PENTUHANAN SRI KRISHNA makin berkembang semenjak dalam terjemahan pengikutnya secara sistematis memakai sebutan istilah bahasa Inggeris “GODHEAD” (Tuhan Tertinggi) untuk Sri Krishna, sementara dewa lainnya adalah “DEMIGODS” atau ‘setengah-dewa’ atau di bawah ‘Godhead’ (Tuhan Tertinggi). Terjemahan dengan istilah Inggeris ‘Godhead’, dipakai dalam terjemahan buku-buku sekte keagamaan Hare Krishna dan mendudukkan bahwa Sri Krisna yang Tuhan Tinggi, dan secara konsisten dan sistematis menempatkan dewa-dewa lain diterjemahkan sebagai ‘demigods’ atau ‘setengah-dewa’ sebagai bawahan ‘Godhead’ (Krishna). AC Bhaktivedanta Swami Prabhupada, pendiri International Society for Krishna Consciousness (ISKCON) menerjemahkan kata Sansekerta “dewa” sebagai ‘demigods’ (“setengah dewa”) dalam terjemahan-terjemahannya, dan mengajarkan bahwa hanya ada satu Tuhan Yang Maha Esa yaitu Sri Krishna sebagai “GODHEAD” (Tuhan Tertinggi) dan semua dewa-dewi yang lain hanyalah hamba Krishna. Namun, terjadi pengecualian ketika menterjemahkan kata “deva”, setidaknya ada tiga kejadian dalam bab kesebelas Bhagavad-Gita di mana muncul kata “deva”, yang digunakan untuk merujuk kepada Dewa Krishna, diterjemahkan sebagai “Tuhan”. Gelar “deva” diterjemahkan sebagai Tuhan Yang Maha Esa atau “GODHEAD” kalau diikuti nama Krishna, sementara kalau gelar “deva” diikuti oleh nama lain, maka diterjemahkan sebagai “DEMIGODS” atau hanyalah hamba Dewa Krishna.

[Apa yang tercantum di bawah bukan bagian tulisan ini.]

theorem mainTheorem7:
  fixes Xs :: "(real \<Rightarrow> real) set" and N :: "(real \<Rightarrow> real) \<Rightarrow> real" and p :: ereal
  assumes "1 < p" and "symmetric_space Xs N" and "has_Dp Xs N p"
  shows "has_UDp Xs N p"
proof (rule ccontr)
  assume "\<not> has_UDp Xs N p"
  moreover have "(real j + 1) * 2^(j+1) > 0" for j :: nat by simp
  ultimately have "\<exists>x. (\<forall>n. x n \<in> Xs \<and> N (x n) \<le> 1) \<and> disjoint_seq x \<and>
      (\<forall>r. strict_mono r \<longrightarrow> \<not> upper_est N p ((real j + 1) * 2^(j+1)) (\<lambda>k. x (r k)))" for j
    unfolding has_UDp_def by blast
  then obtain x where x: "\<And>j n. x j n \<in> Xs" "\<And>j n. N (x j n) \<le> 1" "\<And>j. disjoint_seq (x j)"
    and bad: "\<And>j r. strict_mono r
      \<Longrightarrow> \<not> upper_est N p ((real j + 1) * 2^(j+1)) (\<lambda>k. x j (r k))"
    by metis
  obtain j r where "strict_mono r" "upper_est N p ((real j + 1) * 2^(j+1)) (\<lambda>k. x j (r k))"
    using has_Dp_row_upper_est[where x = x, OF \<open>symmetric_space Xs N\<close> \<open>has_Dp Xs N p\<close> x] by blast
  with bad show False by blast
qed

end
lemma cring_multM_struct_if_unitary:
  assumes W: "unitary_weight W"
  shows "cring (multM_struct W (from_prime_powers (\<lambda>_ _. 0)) (from_prime_powers (\<lambda>_ _. 1)))"
    (is "cring ?R")
proof -
  have wconv: "wconv W F G \<in> multM"
    "prime p \<Longrightarrow> k > 0 \<Longrightarrow> wconv W F G (p ^ k) = F (p ^ k) + G (p ^ k)"
    if "F \<in> multM" "G \<in> multM" for F G p k
    using wconv_unitary_eq_from_prime_powers[OF W that] from_prime_powers_in_multM by simp_all
  note multM_ring_simps = wconv ptimes_in_multM ptimes_def from_prime_powers_in_multM
  show ?thesis
  proof (rule cringI)
    show "abelian_group ?R"
    proof (rule abelian_groupI, unfold multM_struct_simps)
      fix x
      assume x: "x \<in> multM"
      then show "\<exists>y\<in>multM. wconv W y x = from_prime_powers (\<lambda>_ _. 0)"
        by (intro bexI[of _ "from_prime_powers (\<lambda>p k. - x (p ^ k))"] multM_eqI)
          (simp_all add: multM_ring_simps)
    qed (auto intro!: multM_eqI simp: multM_ring_simps)
    show "comm_monoid ?R"
      by (rule comm_monoidI, unfold multM_struct_simps)
        (auto intro!: multM_eqI simp: multM_ring_simps)
    show "(x \<oplus>\<^bsub>?R\<^esub> y) \<otimes>\<^bsub>?R\<^esub> z = x \<otimes>\<^bsub>?R\<^esub> z \<oplus>\<^bsub>?R\<^esub> y \<otimes>\<^bsub>?R\<^esub> z"
      if "x \<in> carrier ?R" "y \<in> carrier ?R" "z \<in> carrier ?R" for x y z
      using that by (auto intro!: multM_eqI simp: multM_ring_simps distrib_right)
  qed
qed

definition unitary_divisor_indicator :: "nat \<Rightarrow> nat \<Rightarrow> complex" where
  "unitary_divisor_indicator n = from_prime_powers (\<lambda>p k. if k = multiplicity p n then 1 else 0)"

lemma unitary_divisor_indicator_in_multM: "unitary_divisor_indicator n \<in> multM"
  by (simp add: unitary_divisor_indicator_def from_prime_powers_in_multM)

lemma unitary_divisor_indicator_self: "n \<noteq> 0 \<Longrightarrow> unitary_divisor_indicator n n = 1"
  by (simp add: unitary_divisor_indicator_def from_prime_powers_def)

lemma dvd_if_unitary_divisor_indicator_nonzero:
  assumes "unitary_divisor_indicator n d \<noteq> 0"
  shows "d dvd n"
proof -
  have "d \<noteq> 0"
    using assms by (auto simp: unitary_divisor_indicator_def from_prime_powers_def split: if_splits)
  have same: "multiplicity p d = multiplicity p n" if "p \<in> prime_factors d" for p
    using assms that by (auto simp: unitary_divisor_indicator_def from_prime_powers_def
        split: if_splits)
  show ?thesis
  proof (rule multiplicity_le_imp_dvd[OF \<open>d \<noteq> 0\<close>])
    fix p :: nat
    assume "prime p"
    then show "multiplicity p d \<le> multiplicity p n"
      using same \<open>d \<noteq> 0\<close>
      by (cases "p dvd d") (auto simp: in_prime_factors_iff not_dvd_imp_multiplicity_0)
  qed
qed

lemma wconv_eq_single_term:
  assumes "m \<noteq> 0" "c dvd m"
    and "\<And>d. d dvd m \<Longrightarrow> d \<noteq> c \<Longrightarrow> F d * G (m div d) * W d (m div d) = 0"
  shows "wconv W F G m = F c * G (m div c) * W c (m div c)"
proof -
  have "wconv W F G m = (\<Sum>d | d dvd m. F d * G (m div d) * W d (m div d))"
    using assms(1) by (simp add: wconv_def)
  also have "\<dots> = (\<Sum>d\<in>{c}. F d * G (m div d) * W d (m div d))"
    by (rule sum.mono_neutral_right) (use assms in auto)
  finally show ?thesis by simp
qed

lemma wconv_mult_eq_if_supported:
  assumes "a \<noteq> 0" "b \<noteq> 0"
    and F: "\<And>d. F d \<noteq> 0 \<Longrightarrow> d dvd a" and G: "\<And>d. G d \<noteq> 0 \<Longrightarrow> d dvd b"
  shows "wconv W F G (a * b) = F a * G b * W a b"
proof -
  have "wconv W F G (a * b) = F a * G (a * b div a) * W a (a * b div a)"
  proof (rule wconv_eq_single_term)
    fix d
    assume d: "d dvd a * b" "d \<noteq> a"
    show "F d * G (a * b div d) * W d (a * b div d) = 0"
    proof (rule ccontr)
      assume "\<not> ?thesis"
      then have "d dvd a" "a * b div d dvd b" using F G by auto
      then obtain k where "a = d * k" "k * b dvd b" using \<open>a \<noteq> 0\<close> by (auto elim!: dvdE)
      then show False using d(2) \<open>b \<noteq> 0\<close> by simp
    qed
  qed (use assms in auto)
  then show ?thesis using assms(1) by simp
qed

lemma card_prime_factors_mult_less:
  fixes a b :: nat
  assumes "a \<noteq> 0" "b \<noteq> 0" "\<not> coprime a b"
  shows "card (prime_factors (a * b)) < card (prime_factors a) + card (prime_factors b)"
proof -
  obtain p where "prime p" "p dvd gcd a b"
    using assms(3) prime_factor_nat[of "gcd a b"] by (auto simp: coprime_iff_gcd_eq_1)
  then have "p \<in> prime_factors a \<inter> prime_factors b"
    using assms by (auto simp: in_prime_factors_iff)
  then have "card (prime_factors a \<inter> prime_factors b) > 0"
    by (auto simp: card_gt_0_iff)
  moreover have "card (prime_factors a) + card (prime_factors b) =
      card (prime_factors a \<union> prime_factors b) + card (prime_factors a \<inter> prime_factors b)"
    by (rule card_Un_Int) auto
  ultimately show ?thesis
    using assms by (simp add: prime_factors_product)
qed

lemma two_power_complex_eq_iff: "(2::complex) ^ m = 2 ^ n \<longleftrightarrow> m = n"
  using of_nat_eq_iff[of "2 ^ m" "2 ^ n", where 'a = complex] by simp

lemma weight_eq_0_if_not_coprime:
  assumes distrib: "\<And>F G H. F \<in> multM \<Longrightarrow> G \<in> multM \<Longrightarrow> H \<in> multM \<Longrightarrow>
      ptimes (wconv W F G) H = wconv W (ptimes F H) (ptimes G H)"
    and "0 < a" "0 < b" "\<not> coprime a b"
  shows "W a b = 0"
proof -
  define H where "H = from_prime_powers (\<lambda>_ _. 2)"
  define Ua Ub where "Ua = unitary_divisor_indicator a" and "Ub = unitary_divisor_indicator b"
  have supp: "Ua d \<noteq> 0 \<Longrightarrow> d dvd a" "Ub d \<noteq> 0 \<Longrightarrow> d dvd b"
    "ptimes Ua H d \<noteq> 0 \<Longrightarrow> d dvd a" "ptimes Ub H d \<noteq> 0 \<Longrightarrow> d dvd b" for d
    by (auto simp: Ua_def Ub_def ptimes_def dvd_if_unitary_divisor_indicator_nonzero)
  have self: "Ua a = 1" "Ub b = 1"
    using assms(2,3) by (simp_all add: Ua_def Ub_def unitary_divisor_indicator_self)
  have "W a b * H (a * b) = ptimes (wconv W Ua Ub) H (a * b)"
    using wconv_mult_eq_if_supported[of a b Ua Ub W] supp(1,2) self assms(2,3)
    by (simp add: ptimes_def)
  also have "\<dots> = wconv W (ptimes Ua H) (ptimes Ub H) (a * b)"
    using distrib[of Ua Ub H]
    by (simp add: Ua_def Ub_def H_def unitary_divisor_indicator_in_multM from_prime_powers_in_multM)
  also have "\<dots> = W a b * (H a * H b)"
    using wconv_mult_eq_if_supported[of a b "ptimes Ua H" "ptimes Ub H" W] supp(3,4) self assms(2,3)
    by (simp add: ptimes_def)
  finally have "W a b * (H (a * b) - H a * H b) = 0"
    by (simp add: algebra_simps)
  moreover have "H (a * b) \<noteq> H a * H b"
    using card_prime_factors_mult_less[of a b] assms(2-4)
    by (simp add: H_def from_prime_powers_def two_power_complex_eq_iff flip: power_add)
  ultimately show ?thesis by simp
qed

lemma weight_coprime_eq_mult:
  assumes closed: "\<And>F G. F \<in> multM \<Longrightarrow> G \<in> multM \<Longrightarrow> wconv W F G \<in> multM"
    and a: "0 < a" and b: "0 < b" and "coprime a b"
  shows "W a b = W a 1 * W 1 b"
proof -
  define Ua Ub where "Ua = unitary_divisor_indicator a" and "Ub = unitary_divisor_indicator b"
  define C where "C = wconv W Ua Ub"
  have supp: "Ua d \<noteq> 0 \<Longrightarrow> d dvd a" "Ub d \<noteq> 0 \<Longrightarrow> d dvd b" for d
    by (simp_all add: Ua_def Ub_def dvd_if_unitary_divisor_indicator_nonzero)
  have self: "Ua a = 1" "Ub b = 1" "Ua 1 = 1" "Ub 1 = 1"
    using a b unitary_divisor_indicator_in_multM[of a] unitary_divisor_indicator_in_multM[of b]
    by (simp_all add: Ua_def Ub_def unitary_divisor_indicator_self multM_def)
  have "C \<in> multM"
    unfolding C_def Ua_def Ub_def by (intro closed unitary_divisor_indicator_in_multM)
  then have "C (a * b) = C a * C b"
    using a b \<open>coprime a b\<close> by (simp add: multM_def)
  moreover have "C (a * b) = W a b"
    using wconv_mult_eq_if_supported[of a b Ua Ub W] supp self a b by (simp add: C_def)
  moreover have "C a = W a 1"
  proof -
    have "C a = Ua a * Ub (a div a) * W a (a div a)"
      unfolding C_def
    proof (rule wconv_eq_single_term)
      fix d
      assume d: "d dvd a" "d \<noteq> a"
      have "a div d \<noteq> 1" "a div d dvd a"
        using d a by (auto elim!: dvdE)
      then have "\<not> a div d dvd b"
        using \<open>coprime a b\<close> coprime_common_divisor_nat by blast
      then show "Ua d * Ub (a div d) * W d (a div d) = 0" using supp(2) by auto
    qed (use a in auto)
    then show ?thesis using self a by simp
  qed
  moreover have "C b = W 1 b"
  proof -
    have "C b = Ua 1 * Ub (b div 1) * W 1 (b div 1)"
      unfolding C_def
    proof (rule wconv_eq_single_term)
      fix d
      assume "d dvd b" "d \<noteq> 1"
      then have "\<not> d dvd a" using \<open>coprime a b\<close> coprime_common_divisor_nat by blast
      then show "Ua d * Ub (b div d) * W d (b div d) = 0" using supp(1) by auto
    qed (use b in auto)
    then show ?thesis using self by simp
  qed
  ultimately show ?thesis by simp
qed
lemma square_integrable_diff:
  assumes f: "square_integrable M f" and g: "square_integrable M g"
  shows "square_integrable M (\<lambda>\<omega>. f \<omega> - g \<omega>)"
  unfolding square_integrable_def
proof
  show meas: "(\<lambda>\<omega>. f \<omega> - g \<omega>) \<in> borel_measurable M"
    using assms unfolding square_integrable_def by (intro borel_measurable_diff) auto
  have bound: "(norm (f \<omega> - g \<omega>))\<^sup>2 \<le> 2 * (norm (f \<omega>))\<^sup>2 + 2 * (norm (g \<omega>))\<^sup>2" for \<omega>
  proof -
    have "(norm (f \<omega> - g \<omega>))\<^sup>2 \<le> (norm (f \<omega>) + norm (g \<omega>))\<^sup>2"
      by (rule power_mono[OF norm_triangle_ineq4]) simp
    moreover have "(norm (f \<omega>) + norm (g \<omega>))\<^sup>2 + (norm (f \<omega>) - norm (g \<omega>))\<^sup>2
        = 2 * (norm (f \<omega>))\<^sup>2 + 2 * (norm (g \<omega>))\<^sup>2"
      by (simp add: power2_eq_square algebra_simps)
    ultimately show ?thesis using zero_le_power2[of "norm (f \<omega>) - norm (g \<omega>)"] by linarith
  qed
  show "integrable M (\<lambda>\<omega>. (norm (f \<omega> - g \<omega>))\<^sup>2)"
  proof (rule Bochner_Integration.integrable_bound)
    show "integrable M (\<lambda>\<omega>. 2 * (norm (f \<omega>))\<^sup>2 + 2 * (norm (g \<omega>))\<^sup>2)"
      using f g unfolding square_integrable_def by simp
    show "(\<lambda>\<omega>. (norm (f \<omega> - g \<omega>))\<^sup>2) \<in> borel_measurable M" using meas by measurable
    show "AE \<omega> in M. norm ((norm (f \<omega> - g \<omega>))\<^sup>2) \<le> norm (2 * (norm (f \<omega>))\<^sup>2 + 2 * (norm (g \<omega>))\<^sup>2)"
      using bound by (intro AE_I2) simp
  qed
qed

lemma square_integrable_matrix_vector_mult:
  fixes A :: "real^'n^'m"
  assumes f: "square_integrable M f"
  shows "square_integrable M (\<lambda>\<omega>. A *v f \<omega>)"
  unfolding square_integrable_def
proof
  have cont: "(*v) A \<in> borel_measurable borel"
    by (intro borel_measurable_continuous_onI continuous_intros)
  then show meas: "(\<lambda>\<omega>. A *v f \<omega>) \<in> borel_measurable M"
    using measurable_compose[OF _ cont, of f M] f unfolding square_integrable_def by simp
  obtain K where K: "\<And>x. norm (A *v x) \<le> norm x * K"
    using bounded_linear.bounded[OF matrix_vector_mul_bounded_linear[of A]] by blast
  have bound: "(norm (A *v f \<omega>))\<^sup>2 \<le> K\<^sup>2 * (norm (f \<omega>))\<^sup>2" for \<omega>
    using power_mono[OF K[of "f \<omega>"] norm_ge_zero] by (simp add: power_mult_distrib mult.commute)
  show "integrable M (\<lambda>\<omega>. (norm (A *v f \<omega>))\<^sup>2)"
  proof (rule Bochner_Integration.integrable_bound)
    show "integrable M (\<lambda>\<omega>. K\<^sup>2 * (norm (f \<omega>))\<^sup>2)"
      using f unfolding square_integrable_def by simp
    show "(\<lambda>\<omega>. (norm (A *v f \<omega>))\<^sup>2) \<in> borel_measurable M" using meas by measurable
    show "AE \<omega> in M. norm ((norm (A *v f \<omega>))\<^sup>2) \<le> norm (K\<^sup>2 * (norm (f \<omega>))\<^sup>2)"
      using bound by (intro AE_I2) simp
  qed
qed

lemma (in finite_measure) square_integrable_const: "square_integrable M (\<lambda>_. c)"
  unfolding square_integrable_def by simp

lemma (in finite_measure) square_integrable_integrable:
  assumes "square_integrable M f" shows "integrable M f"
proof -
  have f: "f \<in> borel_measurable M" and sq: "integrable M (\<lambda>\<omega>. (norm (f \<omega>))\<^sup>2)"
    using assms unfolding square_integrable_def by auto
  have "(\<lambda>\<omega>. norm (f \<omega>)) \<in> borel_measurable M" using f by measurable
  then have "integrable M (\<lambda>\<omega>. norm (f \<omega>))" using sq by (rule square_integrable_imp_integrable)
  then show ?thesis using integrable_norm_iff[OF f] by simp
qed

lemma square_integrable_inner_square:
  assumes f: "square_integrable M f"
  shows "integrable M (\<lambda>\<omega>. (b \<bullet> f \<omega>)\<^sup>2)"
proof (rule Bochner_Integration.integrable_bound)
  show "integrable M (\<lambda>\<omega>. (norm b)\<^sup>2 * (norm (f \<omega>))\<^sup>2)"
    using f unfolding square_integrable_def by simp
  show "(\<lambda>\<omega>. (b \<bullet> f \<omega>)\<^sup>2) \<in> borel_measurable M"
    using f unfolding square_integrable_def
    by (intro borel_measurable_power borel_measurable_inner borel_measurable_const) auto
  have "(b \<bullet> f \<omega>)\<^sup>2 \<le> (norm b * norm (f \<omega>))\<^sup>2" for \<omega>
    using Cauchy_Schwarz_ineq2[of b "f \<omega>"] by (simp add: power2_le_iff_abs_le)
  then show "AE \<omega> in M. norm ((b \<bullet> f \<omega>)\<^sup>2) \<le> norm ((norm b)\<^sup>2 * (norm (f \<omega>))\<^sup>2)"
    by (intro AE_I2) (simp add: power_mult_distrib)
qed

Kitab BRAHMA-SAṀHITĀ dan isinya tidak pernah ditemukan jejaknya secara jelas dalam peninggalan lontar-lontar keagamaan di Bali.

Ketika BRAHMA-SAṀHITĀ yang menjadi “PENDOMAN PENTUHANAN KRISHNA” disusun di India sekitar tahun 1300-an Masehi, Hindu di Jawa dan Bali telah berkembang pesat di Kerajaan Singasari dan kemudian dilanjutkan Kerajaan Majapahit. Di era ini di Jawa dan Bali telah mengembangkan kitab-kitab Hindu-Buddha dalam versi Jawa Kuno yang diserap dari kitab-kitab yang lebih kuno lain, yang merujuk pada teks-teks Weda. Sementara itu, era kerajaan Majapahit hubungan Hinduisme di Jawa dan Bali bisa dikatakan terputus dengan tanah Bharata Warsa (premodern India), sehingga secara hubungan tekstual atau intertektualitas di antara keduanya semakin jauh. Barangkali karena keterputusan hubungan Jawa-Bali dengan India di sekitar abad 14-15 menjadi penyebab kitab BRAHMA-SAṀHITĀ atau teks-teks sejenis yang “MENTUHANKAN-KRISHNA” yang berkembang di India di abad ke 14 tidak pernah populer di Nusantara.

KENAPA PEDANDA ŚIWA DI BALI (JUGA) MEMUJA NĀRĀYAṆA?

Lontar-lontar Stava-Puja dan Widhi-sastra banyak mengandung jejak Weda kuno. Lontar-lontar Itihasa  mengandung banyak jejak Purana. Lontar-lontar Tatwa banyak mengandung jejak berbagai teks Upanisad. Tetapi tidak ditemukan secara gamblang teks-teks yang punya paham seperti kitab BRAHMA-SAṀHITĀ dalam lontar-lontar Bali. BRAHMA-SAṀHITĀ terhitung kitab baru jika dibandingkankan isi lontar-lontar Jawa Kuno era yang berisi teks dari era Medang dan Kediri. Kitab Brahma-saṁhitā di India tersebut terhitung sebaya dengan lontar-lontar yang ditulis di akhir kejayaan Singasari dan awal Majapahit, seperti Kakawin Nāgarakṛtâgama (atau Deśawarnana), Kakawin Sutasoma, Kakawin Śiwarātrikalpa, yang isinya bernuansa Śaiwa-Baudhha dan tidak ditemukan adanya jejak teks-teks yang “mentuhankan Bhatara Kresna” di era ini.  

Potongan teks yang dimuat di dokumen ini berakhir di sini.